Closing 20 Underperforming Stores
October 17, 2011
Note: The Company has a quiet period that begins ten business days prior to the end of each fiscal
quarter and extends until the public release of earnings for that quarter. During the quiet period,
management is prohibited from commenting on earnings, current business trends or future
expectations. The Company is currently in its quiet period; however, it is providing the following
additional information about both the store closings and discontinued projects that it announced in a
press release issued October 17, 2011.
The Company is closing 20 underperforming stores in 15 states. Ten locations closed at the end of
business Sunday, October 16. The remaining 10 locations will close within approximately one month,
following an inventory sell-through.
The stores affected are located in:
Los Banos, CA Biddeford, ME Old Bridge, NJ
Westminster, CA Ellsworth, ME Batavia, NY
Denver, CO Ionia, MI N. Kingstown, RI
Aurora, IL Rogers, MN Emporia, VA
Oswego, IL Claremont, NH S. Tacoma, WA
Chalmette, LA Hooksett, NH Brown Deer, WI
Haverhill, MA Manchester, NH
The average age of these stores is approximately four years. The stores can be stratified by year of
opening as follows:
After 2007 10
2006 - 2007 8
Before 2006 2
Of the 20 stores, 11 are leased locations and nine are owned.

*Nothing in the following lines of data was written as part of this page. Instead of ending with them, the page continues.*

lemma proj_exists:
  fixes C :: "'a::{real_inner,complete_space} set"
  assumes "closed C" "convex C" "C \<noteq> {}"
  shows "\<exists>p\<in>C. \<forall>y\<in>C. dist z p \<le> dist z y"
proof -
  have "\<exists>p\<in>C. \<forall>y\<in>C. (norm (p - z))\<^sup>2 \<le> (norm (y - z))\<^sup>2"
  proof (rule strongly_midconvex_attains_min[where \<kappa> = "1/4"])
    show "bdd_below ((\<lambda>x. (norm (x - z))\<^sup>2) ` C)" by (auto intro: bdd_belowI[of _ 0])
    fix a b assume "a \<in> C" "b \<in> C"
    then show "midpoint a b \<in> C \<and> (norm (midpoint a b - z))\<^sup>2
        \<le> ((norm (a - z))\<^sup>2 + (norm (b - z))\<^sup>2) / 2 - 1/4 * (norm (a - b))\<^sup>2"
      using midpoint_in_convex[OF assms(2)] by (simp add: norm_midpoint_diff_sq)
  qed (use assms in \<open>auto intro!: continuous_intros\<close>)
  then show ?thesis
    by (metis dist_norm norm_minus_commute norm_ge_zero power2_le_imp_le)
qed

lemma
  fixes C :: "'a::{real_inner,complete_space} set"
  assumes "closed C" "convex C" "C \<noteq> {}"
  shows proj_in: "proj C z \<in> C"
    and proj_le_dist: "y \<in> C \<Longrightarrow> dist z (proj C z) \<le> dist z y"
    and proj_inner_le: "y \<in> C \<Longrightarrow> inner (z - proj C z) (y - proj C z) \<le> 0"
proof -
  have *: "proj C z \<in> C \<and> (\<forall>y\<in>C. dist z (proj C z) \<le> dist z y)"
    unfolding proj_def by (rule someI_ex) (use proj_exists[OF assms] in blast)
  then show "proj C z \<in> C" "y \<in> C \<Longrightarrow> dist z (proj C z) \<le> dist z y" by auto
  show "y \<in> C \<Longrightarrow> inner (z - proj C z) (y - proj C z) \<le> 0"
    using * any_closest_point_dot[OF assms(2,1)] by blast
qed

text \<open>The parallelogram law at the midpoint of the two projections.\<close>

lemma norm_proj_diff_le:
  fixes C C' :: "'a::{real_inner,complete_space} set"
  assumes C: "closed C" "convex C" and C': "closed C'" "convex C'" "C' \<noteq> {}" and "C' \<subseteq> C"
    and \<delta>: "dist z (proj C' z) \<le> \<delta>"
  shows "norm (proj C z - proj C' z) \<le> sqrt (2 * (\<delta>\<^sup>2 - (dist z (proj C z))\<^sup>2))"
proof -
  have C_ne: "C \<noteq> {}" using C'(3) \<open>C' \<subseteq> C\<close> by blast
  let ?a = "proj C z" and ?b = "proj C' z"
  have "?a \<in> C" "?b \<in> C" using proj_in[OF C C_ne] proj_in[OF C'] \<open>C' \<subseteq> C\<close> by auto
  then have "dist z ?a \<le> dist z (midpoint ?a ?b)"
    using proj_le_dist[OF C C_ne] midpoint_in_convex[OF C(2)] by blast
  then have "(norm (?a - z))\<^sup>2 \<le> (norm (midpoint ?a ?b - z))\<^sup>2"
    by (simp add: dist_norm norm_minus_commute power_mono)
  then have "(norm (?a - ?b))\<^sup>2 \<le> 2 * ((dist z ?b)\<^sup>2 - (dist z ?a)\<^sup>2)"
    unfolding norm_midpoint_diff_sq by (simp add: dist_norm norm_minus_commute)
  also have "\<dots> \<le> 2 * (\<delta>\<^sup>2 - (dist z ?a)\<^sup>2)" using \<delta> by (simp add: power_mono)
  finally show ?thesis by (simp add: real_le_rsqrt)
qed

lemma Cauchy_if_dist_le_add:
  fixes p :: "nat \<Rightarrow> 'a::metric_space"
  assumes g: "g \<longlonglongrightarrow> 0" and dist_le: "\<And>n m. dist (p n) (p m) \<le> g n + g m"
  shows "Cauchy p"
proof (rule metric_CauchyI)
  fix e :: real assume "e > 0"
  then obtain N where N: "\<And>n. n \<ge> N \<Longrightarrow> \<bar>g n\<bar> < e / 2"
    using LIMSEQ_D[OF g, of "e/2"] by auto
  have "dist (p m) (p n) < e" if "m \<ge> N" "n \<ge> N" for m n
    using dist_le[of m n] N[OF that(1)] N[OF that(2)] by linarith
  then show "\<exists>M. \<forall>m\<ge>M. \<forall>n\<ge>M. dist (p m) (p n) < e" by blast
qed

In addition to the store closings, after completing a comprehensive review of its pipeline of proposed
new stores, the Company announced it has discontinued a number of planned new store projects. The
Company now expects to open 10 to 15 stores per year from 2012 forward, compared to a prior
assumption of approximately 30 stores per year. All of these stores will be in North America. The
Company is on track to open approximately 25 stores in 2011, as planned. Approximately three-fourths
of these stores will be in the U.S. with the remainder in Canada.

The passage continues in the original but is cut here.